What causes perfect prediction but no significant predictors in logistic regression? I want to do a logistic regression with R.
I have 18 continuous covariates and a sample consisting of 100 observations.
When I enter all of the covariates into the glm() model, none of them are significant, but the model predicts the outcome perfectly on the test data!
My questions are:


*

*Is the sample size large enough for running glm() with this many covariates?

*What might be other causes of the problem?

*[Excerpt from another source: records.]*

lemma ratio_gain_lower_bound:
  fixes x y a w1 w2 B1 B2 r K :: real
  assumes "0 < y" "0 \<le> a" "0 < r" "r * y \<le> x"
    and "r / (1 + r) \<le> w1" "0 \<le> w2" "w2 \<le> 1 / (1 + r)"
    and "0 \<le> B2" "B2 \<le> B1" and K: "(x + y) * (1 + a) + B2 \<le> K"
  shows "r * (1 + (B1 - B2) / K) \<le> (x * (1 + a) + B1 * w1) / (y * (1 + a) + B2 * w2)"
proof -
  define D where "D = y * (1 + a) + B2 * w2"
  have "0 < D" unfolding D_def using assms by (simp add: add_pos_nonneg)
  have excess: "r * (B1 - B2) / (1 + r) \<le> x * (1 + a) + B1 * w1 - r * D"
  proof -
    have "r * (B1 - B2) / (1 + r) = B1 * (r / (1 + r)) - r * (B2 * (1 / (1 + r)))"
      by (simp add: diff_divide_distrib right_diff_distrib mult.commute)
    also have "\<dots> \<le> (x - r * y) * (1 + a) + B1 * w1 - r * (B2 * w2)"
    proof -
      have "0 \<le> (x - r * y) * (1 + a)" using assms by simp
      moreover have "B1 * (r / (1 + r)) \<le> B1 * w1" using assms by (intro mult_left_mono) auto
      moreover have "r * (B2 * w2) \<le> r * (B2 * (1 / (1 + r)))"
        using assms by (intro mult_left_mono) auto
      ultimately show ?thesis by linarith
    qed
    also have "\<dots> = x * (1 + a) + B1 * w1 - r * D" unfolding D_def by (simp add: algebra_simps)
    finally show ?thesis .
  qed
  have "(1 + r) * D \<le> K"
  proof -
    have "(1 + r) * y \<le> x + y" using assms by (simp add: algebra_simps)
    then have "(1 + r) * y * (1 + a) \<le> (x + y) * (1 + a)" using assms by (simp add: mult_right_mono)
    moreover have "(1 + r) * w2 \<le> 1" using assms by (simp add: field_simps)
    then have "(1 + r) * w2 * B2 \<le> B2" using assms by (simp add: mult_left_le_one_le)
    ultimately show ?thesis unfolding D_def using K by (simp add: algebra_simps)
  qed
  have "r * (B1 - B2) / K \<le> r * (B1 - B2) / ((1 + r) * D)"
  proof -
    have "0 < (1 + r) * D" using \<open>0 < D\<close> assms by simp
    moreover have "0 < K" using calculation \<open>(1 + r) * D \<le> K\<close> by linarith
    ultimately show ?thesis using \<open>(1 + r) * D \<le> K\<close> \<open>0 < D\<close> assms
      by (intro divide_left_mono mult_pos_pos) auto
  qed
  also have "\<dots> \<le> (x * (1 + a) + B1 * w1 - r * D) / D"
    using excess \<open>0 < D\<close> assms by (simp add: divide_right_mono flip: divide_divide_eq_left)
  finally show ?thesis using \<open>0 < D\<close> unfolding D_def by (simp add: field_simps)
qed

lemma r_min_le:
  assumes "i < max (length P1 - 1) (length P2 - 1)"
  shows "r_min p s d P1 P2 t \<le> r_s p s P1 P2 (t - i)" "r_min p s d P1 P2 t \<le> r_d p d P1 P2 (t - i)"
  using assms unfolding r_min_def Let_def by (auto intro!: Min_le)

lemma fflow_bounds:
  assumes "finite E" "(u, v) \<in> E" "\<And>z. (u, z) \<in> E \<Longrightarrow> 0 < p t u z" "0 \<le> f t u"
  shows "0 \<le> fflow E p f t u v" "fflow E p f t u v \<le> f t u"
proof -
  let ?out = "\<Sum>z\<in>{z. (u, z) \<in> E}. p t u z"
  have "finite {z. (u, z) \<in> E}"
    using finite_imageI[OF assms(1), of snd] by (rule finite_subset[rotated]) force
  then have "p t u v \<le> ?out"
    using assms by (intro member_le_sum) (auto intro: less_imp_le)
  moreover have "0 < p t u v" using assms by simp
  ultimately have "0 \<le> p t u v / ?out" "p t u v / ?out \<le> 1" by simp_all
  then show "0 \<le> fflow E p f t u v" "fflow E p f t u v \<le> f t u"
    unfolding fflow_def using assms(4) by (simp_all add: mult_left_le flip: times_divide_eq_right)
qed

lemma bflow_bounds:
  assumes "finite E" "(u, v) \<in> E" "\<And>z. (z, v) \<in> E \<Longrightarrow> 0 < p t z v" "0 \<le> b t v"
  shows "0 \<le> bflow E p b t u v" "bflow E p b t u v \<le> b t v"
proof -
  let ?into = "\<Sum>z\<in>{z. (z, v) \<in> E}. p t z v"
  have "finite {z. (z, v) \<in> E}"
    using finite_imageI[OF assms(1), of fst] by (rule finite_subset[rotated]) force
  then have "p t u v \<le> ?into"
    using assms by (intro member_le_sum) (auto intro: less_imp_le)
  moreover have "0 < p t u v" using assms by simp
  ultimately have "0 \<le> p t u v / ?into" "p t u v / ?into \<le> 1" by simp_all
  then show "0 \<le> bflow E p b t u v" "bflow E p b t u v \<le> b t v"
    unfolding bflow_def using assms(4) by (simp_all add: mult_left_le flip: times_divide_eq_right)
qed

lemma bflow_single_in_edge:
  assumes "{z. (z, v) \<in> E} = {u}" "p t u v \<noteq> 0"
  shows "bflow E p b t u v = b t v"
  using assms unfolding bflow_def by simp

locale parallel_paths =
  fixes E :: "('v \<times> 'v) set" and s d :: 'v and P1 P2 :: "'v list"
  assumes parallel: "two_parallel_paths E s d P1 P2"
begin

lemma distinct_P1: "distinct P1" and source_ne_target: "s \<noteq> d"
  and E_eq: "E = path_edges P1 \<union> path_edges P2" and inter_eq: "set P1 \<inter> set P2 = {s, d}"
  using parallel unfolding two_parallel_paths_def by auto

lemma P1_first: "P1 ! 0 = s" and P1_last: "P1 ! (length P1 - 1) = d"
  using parallel unfolding two_parallel_paths_def by (auto simp: hd_conv_nth last_conv_nth)

lemma length_P1: "2 \<le> length P1"
proof -
  have "length P1 - 1 \<noteq> 0" using P1_first P1_last source_ne_target by auto
  then show ?thesis by simp
qed

lemma finite_E: "finite E"
  unfolding E_eq path_edges_def by simp

lemma interior_not_in_P2:
  assumes "0 < k" "Suc k < length P1"
  shows "P1 ! k \<notin> set P2"
proof
  assume "P1 ! k \<in> set P2"
  moreover have "P1 ! k \<in> set P1" using assms by simp
  ultimately have "P1 ! k \<in> {P1 ! 0, P1 ! (length P1 - 1)}"
    using inter_eq P1_first P1_last by blast
  moreover have "k < length P1" "0 < length P1" "length P1 - 1 < length P1" using assms by auto
  ultimately show False using assms distinct_P1 by (auto simp: nth_eq_iff_index_eq)
qed

lemma out_edges_interior:
  assumes "0 < k" "Suc k < length P1"
  shows "{z. (P1 ! k, z) \<in> E} = {P1 ! Suc k}"
  using assms interior_not_in_P2[OF assms]
  by (auto simp: E_eq path_edges_from_nth[OF distinct_P1] dest: path_edges_in_set)

lemma in_edges_interior:
  assumes "0 < k" "Suc k < length P1"
  shows "{z. (z, P1 ! k) \<in> E} = {P1 ! (k - 1)}"
  using assms interior_not_in_P2[OF assms]
  by (auto simp: E_eq path_edges_into_nth[OF distinct_P1] dest: path_edges_in_set)

lemma P1_edge_endpoints:
  assumes "(u, v) \<in> path_edges P1"
  shows "u \<noteq> d" "v \<noteq> s"
proof -
  obtain i where i: "Suc i < length P1" "u = P1 ! i" "v = P1 ! Suc i"
    using assms by (auto simp: path_edges_iff)
  have "i < length P1" "0 < length P1" "length P1 - 1 < length P1" using i(1) by auto
  then show "u \<noteq> d" "v \<noteq> s"
    using i P1_first P1_last by (auto simp: nth_eq_iff_index_eq[OF distinct_P1])
qed

lemma P1_edge_head_out_edges:
  assumes "(u, v) \<in> path_edges P1" "v \<noteq> d"
  shows "\<exists>w. {z. (v, z) \<in> E} = {w}"
proof -
  obtain i where i: "Suc i < length P1" "v = P1 ! Suc i"
    using assms(1) by (auto simp: path_edges_iff)
  with assms(2) P1_last have "Suc (Suc i) < length P1"
    by (metis Suc_lessI diff_Suc_1)
  then show ?thesis using out_edges_interior[of "Suc i"] i by auto
qed

end

sublocale parallel_paths \<subseteq> swapped: parallel_paths E s d P2 P1
  by unfold_locales (rule two_parallel_paths_sym[OF parallel])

*How can I run such a model properly?

 A: You did not state the number of events and non-events.  A rough rule of thumb is that to use ordinary maximum likelihood estimation (i.e., without shrinkage - penalization) requires 15 times the number of events and the number of non-events as the number of candidate predictors.  You are far from having an adequate sample size in your case even if $Y$ is split 50-50.  I suggest doing data reduction (masked to $Y$, e.g. variable clustering, principal components, or redundancy analysis) or fitting the full list of variables and solving for the amount of shrinkage needed to yield a reliable model.  You can see case studies of these methods in my Handouts at http://biostat.mc.vanderbilt.edu/CourseBios330.
Ordinary unpenalized variable selection methods in no way deal with this problem correctly.
A: It would help if you could provide some additional information in response to the comments and @Frank Harrell's point regarding how many successes and failures you have.  
My first guess would be that you have some multicollinearity, that is, your continuous covariates are correlated with each other.  The effect of this is that, while your betas estimates are still potentially unbiased, the standard errors will be inflated.  That means that they will be less 'significant', but may still do a good job of predicting the response (note @Roland's good point about overfitting, however).  
Given your N and the number of covariates you have, you may want to watch out for quasi-separation as well.